だが親が名付けないから仕方がないというのが、俺の考えだ。
『だったら、俺が勝手に付けた、あだ名だとでも思ってくれ』
『それなら、良いけど』
『よし、弟達の名前はノブ、ヒデ、ヤスだ。成長が早いほうから、割り振ろう』
まるでヤクザの子分みたいな名前だが、他所のナワバリのオスと抗争するので、大きく間違ってはいないかと思い直した。

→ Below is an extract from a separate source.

(* Let $d\ge1$, $m\ge1$, $\nu\ge2$ be integers, $\Lambda\subset\mathbb Z^d$ finite, containing $\mathbf 0$ and symmetric, $\boldsymbol\Sigma=\{\Sigma_{\mathbf k}\}_{\mathbf k\in\Lambda}$ with $\Sigma_{-\mathbf k}=\Sigma_{\mathbf k}^*\in\mathbb C^{m\times m}$, and $\Psi$ an $m\times m$ matrix-valued function on $\mathbb T^d$ with rational entries which is bounded and coercive. Then the dual function $$J_\nu(\mathbf Q)=\langle\mathbf Q,\boldsymbol\Sigma\rangle+\frac{\nu}{\nu-1}\int_{\mathbb T^d}\operatorname{tr}\Big\{\big[\Psi^{-1}(\Psi^{-1}+\tfrac1\nu Q)^{-1}\big]^{\nu-1}\Big\}\,\mathrm d\mu$$ is lower-semicontinuous on $\mathscr L_+$.
   Context: $\mathbb T^d=(-\pi,\pi]^d$, $\mathrm d\mu=(2\pi)^{-d}\prod_j\mathrm d\theta_j$; bounded and coercive means $aI_m\le\Psi\le bI_m$ on $\mathbb T^d$ for some $b>a>0$. For $\mathbf Q=\{Q_{\mathbf k}\}_{\mathbf k\in\Lambda}$, $Q_{\mathbf k}\in\mathbb C^{m\times m}$, $Q_{-\mathbf k}=Q_{\mathbf k}^*$: $Q(e^{i\boldsymbol\theta})=\sum_{\mathbf k}Q_{\mathbf k}e^{-i\langle\mathbf k,\boldsymbol\theta\rangle}$, $\langle\mathbf Q,\boldsymbol\Sigma\rangle=\sum_{\mathbf k}\operatorname{tr}(Q_{\mathbf k}\Sigma_{\mathbf k}^* )$. $\mathscr L_+=\{\mathbf Q:\nu\Psi^{-1}+Q\ge0\text{ on }\mathbb T^d,\ \text{not identically zero}\}$, a subset of the finite-dimensional real vector space of such $\mathbf Q$. Where $\Psi^{-1}+\frac1\nu Q$ is singular somewhere, the integral is over the complement of the Lebesgue-null set where $\det(\nu\Psi^{-1}+Q)=0$, and $J_\nu$ may take the value $+\infty$. *)

theory Defs
  imports "HOL-Analysis.Analysis"
begin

ノブは、俺のナワバリ拡大や、新たなナワバリ獲得で、役立ってくれそうだ。
ヒデは、俺に付いてくる判断が出来れば、要領が良い気がしなくもない。
ヤスは、俺に付いてくれば長生きして、最終的に得をするような予感がする。
乱世のサバンナを生き抜くオスライオンとして、これから大いに期待したい。
『次は、スウちゃんを除く4頭の妹達だが』
『可愛い名前が良い』
『……大きい順に、メロン、モモ、リンゴ、ミカンでどうだろう』
可愛い名前が思い付かなかった俺は、前世のランキング上位に倣った。
それだけではなく、挙げた果物は自分が覚え易いように、別の意味も持たせた。
俺が挙げたのは、前世でバストサイズのネタにされていた果物だ。
それぞれは、F、D、C、Aカップの片胸と、同じ重さだったりする。
メロンはFカップ、モモはDカップ、リンゴはCカップ、ミカンはAカップの片胸と同じ重さだそうだ。
名前を忘れても、バストサイズの果物で思い出せる。
梨がE、柿がBに入るが、名前として微妙だったので省いた。
『さっきのあだ名より、良いかもね』
リオは微笑んで、4つの名前を純粋に肯定した。
それを見た俺は、命名理由を墓まで持っていくと、固く心に誓ったのであった。